lemma py_cong_open:
  assumes "open S" "p \<in> S" "\<And>q. q \<in> S \<Longrightarrow> F q = G q"
  shows "py F p = py G p"
proof -
  have "open ((\<lambda>t. (fst p, t)) -` S)"
    by (rule continuous_open_vimage[OF assms(1)]) (auto intro!: continuous_intros)
  then have "eventually (\<lambda>t. t \<in> (\<lambda>t. (fst p, t)) -` S) (nhds (snd p))"
    by (rule eventually_nhds_in_open) (simp add: assms(2))
  then show ?thesis
    unfolding py_def
    by (intro vector_derivative_cong_eq[where A = UNIV and B = UNIV])
      (auto elim: eventually_mono simp: assms(3))
qed

lemma px_const_on:
  assumes "open S" "p \<in> S" "\<And>q. q \<in> S \<Longrightarrow> F q = c"
  shows "px F p = 0"
  using px_cong_open[OF assms] px_eq_derivative[OF has_derivative_const] by simp

lemma py_const_on:
  assumes "open S" "p \<in> S" "\<And>q. q \<in> S \<Longrightarrow> F q = c"
  shows "py F p = 0"
  using py_cong_open[OF assms] py_eq_derivative[OF has_derivative_const] by simp

section \<open>Smooth functions\<close>

text \<open>Closure of smooth_on under products and exp needs an induction on the order of
  differentiation, hence this finite-order version.\<close>

definition differentiable_upto_on ::
    "nat \<Rightarrow> (real \<times> real) set \<Rightarrow> (real \<times> real \<Rightarrow> 'a::real_normed_vector) \<Rightarrow> bool" where
  "differentiable_upto_on k S F \<longleftrightarrow> (\<forall>bs. length bs \<le> k \<longrightarrow> pd bs F differentiable_on S)"

lemma pd_append: "pd (bs @ [b]) F = pd bs ((if b then px else py) F)"
  by (induction bs) auto

lemma pd_cong_open:
  assumes "open S" "\<And>q. q \<in> S \<Longrightarrow> F q = G q" "q \<in> S"
  shows "pd bs F q = pd bs G q"
  using assms(3)
proof (induction bs arbitrary: q)
  case (Cons b bs)
  then show ?case
    using px_cong_open[OF assms(1) Cons.prems Cons.IH] py_cong_open[OF assms(1) Cons.prems Cons.IH]
    by simp
qed (use assms(2) in simp)

lemma differentiable_upto_on_0: "differentiable_upto_on 0 S F \<longleftrightarrow> F differentiable_on S"
  by (simp add: differentiable_upto_on_def)

lemma differentiable_upto_on_Suc:
  "differentiable_upto_on (Suc k) S F \<longleftrightarrow>
     F differentiable_on S \<and> differentiable_upto_on k S (px F) \<and> differentiable_upto_on k S (py F)"
proof -
  have split_last: "(\<forall>bs. length bs \<le> Suc k \<longrightarrow> P bs) \<longleftrightarrow>
      P [] \<and> (\<forall>bs. length bs \<le> k \<longrightarrow> P (bs @ [True]) \<and> P (bs @ [False]))" for P
  proof (intro iffI allI impI)
    fix bs :: "bool list"
    assume "P [] \<and> (\<forall>bs. length bs \<le> k \<longrightarrow> P (bs @ [True]) \<and> P (bs @ [False]))" "length bs \<le> Suc k"
    then show "P bs"
      by (cases bs rule: rev_cases) (auto, metis (full_types))
  qed auto
  show ?thesis
    by (simp only: differentiable_upto_on_def split_last) (auto simp: pd_append)
qed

*Exercise directions:* Set every line down again exactly. Begin with the first line of the entries and finish with the line containing "unfolding py_def".

*Solution for this exercise:*
lemma py_cong_open:
  assumes "open S" "p \<in> S" "\<And>q. q \<in> S \<Longrightarrow> F q = G q"
  shows "py F p = py G p"
proof -
  have "open ((\<lambda>t. (fst p, t)) -` S)"
    by (rule continuous_open_vimage[OF assms(1)]) (auto intro!: continuous_intros)
  then have "eventually (\<lambda>t. t \<in> (\<lambda>t. (fst p, t)) -` S) (nhds (snd p))"
    by (rule eventually_nhds_in_open) (simp add: assms(2))
  then show ?thesis
    unfolding py_def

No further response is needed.